Verbinden sich Metall-Ionen und organische Brückenmoleküle, dann entstehen so genannte Koordinationspolymere. So mannigfaltig deren Verknüpfungen, so vielfältig sind auch die physikalischen und chemischen Eigenschaften dieser hybriden Kunststoffe.
Das neue LOEWE-Projekt des Marburger Chemikers Dr. Gunnar Werncke zielt darauf ab, die Wechselwirkung von Metallen wie Eisen und Kobalt mit organischen Brückenmolekülen zu stärken.
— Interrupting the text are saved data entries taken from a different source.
(* Let $D,\chi,\varepsilon>0$, $a\ge 0$, $\beta>0$, $b=D\beta^2$, and assume $\frac{a\chi}{D\varepsilon}-\beta^2\le 0$. Then there are no $\rho_0>0$, $\phi_0>0$, $r_0>0$ and functions $\rho\in C^0[0,\infty)$, $\phi\in C^2[0,\infty)$ with $\rho\ge0$, $\phi\ge 0$, such that $\rho(0)=\rho_0$, $\phi(0)=\phi_0$, $\rho>0$ on $[0,r_0)$, $\rho\equiv 0$ on $[r_0,\infty)$, $\rho$ is differentiable on $(0,r_0)$ with $\varepsilon\rho\rho_r=\chi\rho\phi_r$ there, and $D\phi_{rr}+D\frac{\phi_r}{r}+a\rho-b\phi=0$ on $(0,\infty)$.
   Context: The system $\partial_r(\frac{\varepsilon}{2}\rho^2)=\chi\rho\phi_r$, $D\phi_{rr}+D\phi_r/r+a\rho-b\phi=0$ is the radially symmetric stationary form of a hyperbolic-parabolic chemotaxis model on $\mathbb{R}^2$ with pressure $p(\rho)=\frac{\varepsilon}{2}\rho^2$; $r=|x|$. *)

theory Defs
  imports "HOL-Analysis.Analysis"
begin

definition C2_halfline :: "(real \<Rightarrow> real) \<Rightarrow> (real \<Rightarrow> real) \<Rightarrow> (real \<Rightarrow> real) \<Rightarrow> bool" where
  "C2_halfline f f1 f2 \<longleftrightarrow>
     (\<forall>x\<in>{0..}. (f has_real_derivative f1 x) (at x within {0..})) \<and>
     (\<forall>x\<in>{0..}. (f1 has_real_derivative f2 x) (at x within {0..})) \<and>
     continuous_on {0..} f2"

end

theory Submission
  imports Defs
begin

text \<open>Where \<rho> > 0 the first equation says that \<open>\<epsilon>\<rho> - \<chi>\<phi>\<close> is constant, so
  \<open>\<epsilon>\<rho> = \<chi>(\<phi> - \<phi>(r\<^sub>0))\<close> on \<open>[0, r\<^sub>0]\<close>; since \<rho>(0) > 0 this forces
  \<open>\<phi>(r\<^sub>0) < \<phi>(0)\<close>. On the other hand the same relation and the smallness condition give
  \<open>a\<rho> \<le> b\<phi>\<close>, so the radial Laplacian \<open>\<phi>\<^sub>r\<^sub>r + \<phi>\<^sub>r/r = (b\<phi> - a\<rho>)/D\<close> is
  nonnegative there. Hence \<open>r\<phi>\<^sub>r\<close> is nondecreasing from its value 0 at the centre,
  \<open>\<phi>\<close> is nondecreasing on \<open>[0, r\<^sub>0]\<close>, and \<open>\<phi>(0) \<le> \<phi>(r\<^sub>0)\<close>: a contradiction.\<close>

lemma C2_halfline_continuous_on:
  assumes "C2_halfline f f1 f2"
  shows "continuous_on {0..} f" and "continuous_on {0..} f1"
  using assms unfolding C2_halfline_def
  by (meson atLeast_iff continuous_on_eq_continuous_within DERIV_continuous)+

lemma C2_halfline_has_real_derivative_at:
  assumes "C2_halfline f f1 f2" and "x > 0"
  shows "(f has_real_derivative f1 x) (at x)" and "(f1 has_real_derivative f2 x) (at x)"
proof -
  have "at x within {0..} = at x"
    using \<open>x > 0\<close> by (intro at_within_interior) simp
  moreover have "x \<in> {0..}"
    using \<open>x > 0\<close> by simp
  ultimately show "(f has_real_derivative f1 x) (at x)" and "(f1 has_real_derivative f2 x) (at x)"
    using assms(1) unfolding C2_halfline_def by metis+
qed

lemma chemotactic_balance_const:
  fixes \<rho> \<phi> \<phi>1 :: "real \<Rightarrow> real"
  assumes "s < t" "continuous_on {s..t} \<rho>" "continuous_on {s..t} \<phi>"
    and "\<And>x. x \<in> {s<..<t} \<Longrightarrow> \<rho> differentiable (at x)"
    and "\<And>x. x \<in> {s<..<t} \<Longrightarrow> (\<phi> has_real_derivative \<phi>1 x) (at x)"
    and "\<And>x. x \<in> {s<..<t} \<Longrightarrow> \<rho> x \<noteq> 0"
    and "\<And>x. x \<in> {s<..<t} \<Longrightarrow> eps * \<rho> x * deriv \<rho> x = chi * \<rho> x * \<phi>1 x"
    and "x \<in> {s..t}"
  shows "eps * \<rho> x - chi * \<phi> x = eps * \<rho> s - chi * \<phi> s"
proof -
  let ?h = "\<lambda>x. eps * \<rho> x - chi * \<phi> x"
  have "DERIV ?h y :> 0" if "s < y" "y < t" for y
  proof -
    have "DERIV \<rho> y :> deriv \<rho> y"
      using assms(4) that by (simp add: DERIV_deriv_iff_real_differentiable)
    then have "DERIV ?h y :> eps * deriv \<rho> y - chi * \<phi>1 y"
      using assms(5) that by (auto intro!: derivative_eq_intros)
    moreover have "eps * deriv \<rho> y = chi * \<phi>1 y"
      using assms(6,7) that by (simp add: mult.left_commute[of _ "\<rho> y"])
    ultimately show ?thesis by simp
  qed
  then show ?thesis
    using assms(1-3,8) by (intro DERIV_isconst2[of s t ?h]) (auto intro!: continuous_intros)
qed

lemma radial_flux_nonneg:
  fixes \<phi>1 \<phi>2 :: "real \<Rightarrow> real"
  assumes "continuous_on {0..R} \<phi>1"
    and "\<And>x. x \<in> {0<..<R} \<Longrightarrow> (\<phi>1 has_real_derivative \<phi>2 x) (at x)"
    and "\<And>x. x \<in> {0<..<R} \<Longrightarrow> \<phi>2 x + \<phi>1 x / x \<ge> 0"
    and "0 < x" "x \<le> R"
  shows "\<phi>1 x \<ge> 0"
proof -
  let ?g = "\<lambda>r. r * \<phi>1 r"
  have "?g 0 \<le> ?g x"
  proof (rule DERIV_nonneg_imp_increasing_open[of 0 x ?g])
    fix y assume y: "0 < y" "y < x"
    have "DERIV ?g y :> \<phi>1 y + y * \<phi>2 y"
      using assms(2) y \<open>x \<le> R\<close> by (auto intro!: derivative_eq_intros)
    moreover have "\<phi>1 y + y * \<phi>2 y = y * (\<phi>2 y + \<phi>1 y / y)"
      using y by (simp add: field_simps)
    moreover have "y * (\<phi>2 y + \<phi>1 y / y) \<ge> 0"
      using assms(3) y \<open>x \<le> R\<close> by simp
    ultimately show "\<exists>d. DERIV ?g y :> d \<and> d \<ge> 0" by auto
  next
    show "continuous_on {0..x} ?g"
      using assms(1) \<open>x \<le> R\<close> by (auto intro!: continuous_intros elim: continuous_on_subset)
  qed (use \<open>0 < x\<close> in simp)
  then show ?thesis
    using \<open>0 < x\<close> by (simp add: zero_le_mult_iff)
qed

lemma radial_subharmonic_centre_le:
  fixes \<phi> \<phi>1 \<phi>2 :: "real \<Rightarrow> real"
  assumes "0 \<le> R" "continuous_on {0..R} \<phi>" "continuous_on {0..R} \<phi>1"
    and "\<And>x. x \<in> {0<..<R} \<Longrightarrow> (\<phi> has_real_derivative \<phi>1 x) (at x)"
    and "\<And>x. x \<in> {0<..<R} \<Longrightarrow> (\<phi>1 has_real_derivative \<phi>2 x) (at x)"
    and "\<And>x. x \<in> {0<..<R} \<Longrightarrow> \<phi>2 x + \<phi>1 x / x \<ge> 0"
  shows "\<phi> 0 \<le> \<phi> R"
proof (rule DERIV_nonneg_imp_increasing_open[OF \<open>0 \<le> R\<close> _ assms(2)])
  fix y assume "0 < y" "y < R"
  then show "\<exists>d. DERIV \<phi> y :> d \<and> d \<ge> 0"
    using assms(4) radial_flux_nonneg[OF assms(3,5,6), of y] by auto
qed

lemma production_le_degradation:
  fixes D chi eps a \<beta> :: real
  assumes "D > 0" "eps > 0" "a \<ge> 0" "a * chi / (D * eps) - \<beta>\<^sup>2 \<le> 0"
    and "eps * \<rho> = chi * (p - q)" "chi \<ge> 0" "p \<ge> 0" "q \<ge> 0"
  shows "a * \<rho> \<le> D * \<beta>\<^sup>2 * p"
proof -
  have "a * chi / eps \<le> D * \<beta>\<^sup>2"
    using assms(1,2,4) by (simp add: field_simps)
  then have "(a * chi / eps) * p \<le> D * \<beta>\<^sup>2 * p"
    using \<open>p \<ge> 0\<close> by (rule mult_right_mono)
  moreover have "a * \<rho> = (a * chi / eps) * p - (a * chi / eps) * q"
  proof -
    have "a * \<rho> = (a / eps) * (eps * \<rho>)"
      using \<open>eps > 0\<close> by simp
    also have "\<dots> = (a * chi / eps) * p - (a * chi / eps) * q"
      unfolding assms(5) by (simp add: algebra_simps)
    finally show ?thesis .
  qed
  moreover have "(a * chi / eps) * q \<ge> 0"
    using assms(2,3,6,8) by simp
  ultimately show ?thesis by linarith
qed

theorem mainTheorem2:
  fixes D chi eps a \<beta> b :: real
  assumes "D > 0" "chi > 0" "eps > 0" "a \<ge> 0" "\<beta> > 0" "b = D * \<beta>\<^sup>2"
    and "a * chi / (D * eps) - \<beta>\<^sup>2 \<le> 0"
  shows "\<not> (\<exists>(\<rho>0::real) (\<phi>0::real) (r0::real) (\<rho>::real \<Rightarrow> real) (\<phi>::real \<Rightarrow> real) \<phi>1 \<phi>2.
            \<rho>0 > 0 \<and> \<phi>0 > 0 \<and> r0 > 0 \<and>
            continuous_on {0..} \<rho> \<and> C2_halfline \<phi> \<phi>1 \<phi>2 \<and>
            (\<forall>r\<ge>0. \<rho> r \<ge> 0 \<and> \<phi> r \<ge> 0) \<and>
            \<rho> 0 = \<rho>0 \<and> \<phi> 0 = \<phi>0 \<and>
            (\<forall>r\<in>{0..<r0}. \<rho> r > 0) \<and>
            (\<forall>r\<ge>r0. \<rho> r = 0) \<and>
            (\<forall>r\<in>{0<..<r0}. \<rho> differentiable (at r) \<and>
                eps * \<rho> r * deriv \<rho> r = chi * \<rho> r * \<phi>1 r) \<and>
            (\<forall>r>0. D * \<phi>2 r + D * \<phi>1 r / r + a * \<rho> r - b * \<phi> r = 0))"
proof (intro notI, elim exE conjE)
  fix \<rho>0 \<phi>0 r0 \<rho> \<phi> \<phi>1 \<phi>2
  assume "r0 > 0" "\<rho> 0 = \<rho>0" "\<rho>0 > 0" and \<rho>_cont: "continuous_on {0..} \<rho>"
    and \<phi>_C2: "C2_halfline \<phi> \<phi>1 \<phi>2" and nonneg: "\<forall>r\<ge>0. \<rho> r \<ge> 0 \<and> \<phi> r \<ge> 0"
    and \<rho>_pos: "\<forall>r\<in>{0..<r0}. \<rho> r > 0" and \<rho>_zero: "\<forall>r\<ge>r0. \<rho> r = 0"
    and \<rho>_eq: "\<forall>r\<in>{0<..<r0}. \<rho> differentiable (at r) \<and>
                eps * \<rho> r * deriv \<rho> r = chi * \<rho> r * \<phi>1 r"
    and \<phi>_eq: "\<forall>r>0. D * \<phi>2 r + D * \<phi>1 r / r + a * \<rho> r - b * \<phi> r = 0"
  note \<phi>_cont = C2_halfline_continuous_on[OF \<phi>_C2]
  note \<phi>_deriv = C2_halfline_has_real_derivative_at[OF \<phi>_C2]
  have balance: "eps * \<rho> r - chi * \<phi> r = eps * \<rho> 0 - chi * \<phi> 0" if "r \<in> {0..r0}" for r
  proof (rule chemotactic_balance_const[OF \<open>r0 > 0\<close> _ _ _ _ _ _ that])
    show "continuous_on {0..r0} \<rho>" "continuous_on {0..r0} \<phi>"
      by (auto intro: continuous_on_subset[OF \<rho>_cont] continuous_on_subset[OF \<phi>_cont(1)])
    show "\<rho> x \<noteq> 0" if "x \<in> {0<..<r0}" for x
      using \<rho>_pos that by (metis atLeastLessThan_iff greaterThanLessThan_iff less_imp_le less_irrefl)
  qed (use \<rho>_eq \<phi>_deriv in auto)
  have "chi * (\<phi> 0 - \<phi> r0) = eps * \<rho>0"
    using balance[of r0] \<rho>_zero \<open>r0 > 0\<close> \<open>\<rho> 0 = \<rho>0\<close> by (simp add: algebra_simps)
  then have "chi * (\<phi> 0 - \<phi> r0) > 0"
    using \<open>\<rho>0 > 0\<close> \<open>eps > 0\<close> by simp
  then have "\<phi> r0 < \<phi> 0"
    using \<open>chi > 0\<close> by (simp add: zero_less_mult_iff)
  moreover have "\<phi> 0 \<le> \<phi> r0"
  proof (rule radial_subharmonic_centre_le)
    fix x assume x: "x \<in> {0<..<r0}"
    have "eps * \<rho> x = chi * (\<phi> x - \<phi> r0)"
      using balance[of x] balance[of r0] \<rho>_zero x by (simp add: algebra_simps)
    then have "a * \<rho> x \<le> b * \<phi> x"
      using production_le_degradation[of D eps a chi \<beta>] assms nonneg x \<open>r0 > 0\<close> by simp
    moreover have "D * (\<phi>2 x + \<phi>1 x / x) = b * \<phi> x - a * \<rho> x"
      using \<phi>_eq x by (simp add: algebra_simps)
    ultimately have "D * (\<phi>2 x + \<phi>1 x / x) \<ge> 0"
      by simp
    then show "\<phi>2 x + \<phi>1 x / x \<ge> 0"
      using \<open>D > 0\<close> by (simp add: zero_le_mult_iff)
  next
    show "continuous_on {0..r0} \<phi>" "continuous_on {0..r0} \<phi>1"
      by (auto intro: continuous_on_subset[OF \<phi>_cont(1)] continuous_on_subset[OF \<phi>_cont(2)])
  qed (use \<open>r0 > 0\<close> \<phi>_deriv in simp_all)
  ultimately show False by simp
qed

end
Dafür setzen Werncke und sein Team auf einen speziellen Bindungstyp: die Metall-Stickstoff-Doppelbindung. „Dieser Bindungstyp ist bislang für Übergangsmetalle wie Kobalt und Eisen nicht ausreichend verstanden, zeigt aber eine ausgeprägte elektronische Flexibilität“, erklärte Werncke.
Diese Flexibilität soll für den Elektronenübergang zwischen Metallionen und für besondere magnetische Eigenschaften genutzt werden. Der verfolgte Ansatz soll sich auch auf Kunststoffe mit verschiedenen Metallen übertragen lassen, sodass sich deren Eigenschaften gezielt einstellen lassen. „Unser Vorhaben könnte ein völlig neues wissenschaftliches Forschungsfeld zu Hybridmaterialien erschließen“, legte der Chemiker dar.
Dabei würden fundamentale Fragen der Wechselwirkung zwischen Metallionen beantwortet, aber auch mögliche Anwendungen für Elektronik und Informationsspeicherung in den Blick genommen. Das Team erhält dafür 279.000 Euro aus der LOEWE-Förderlinie.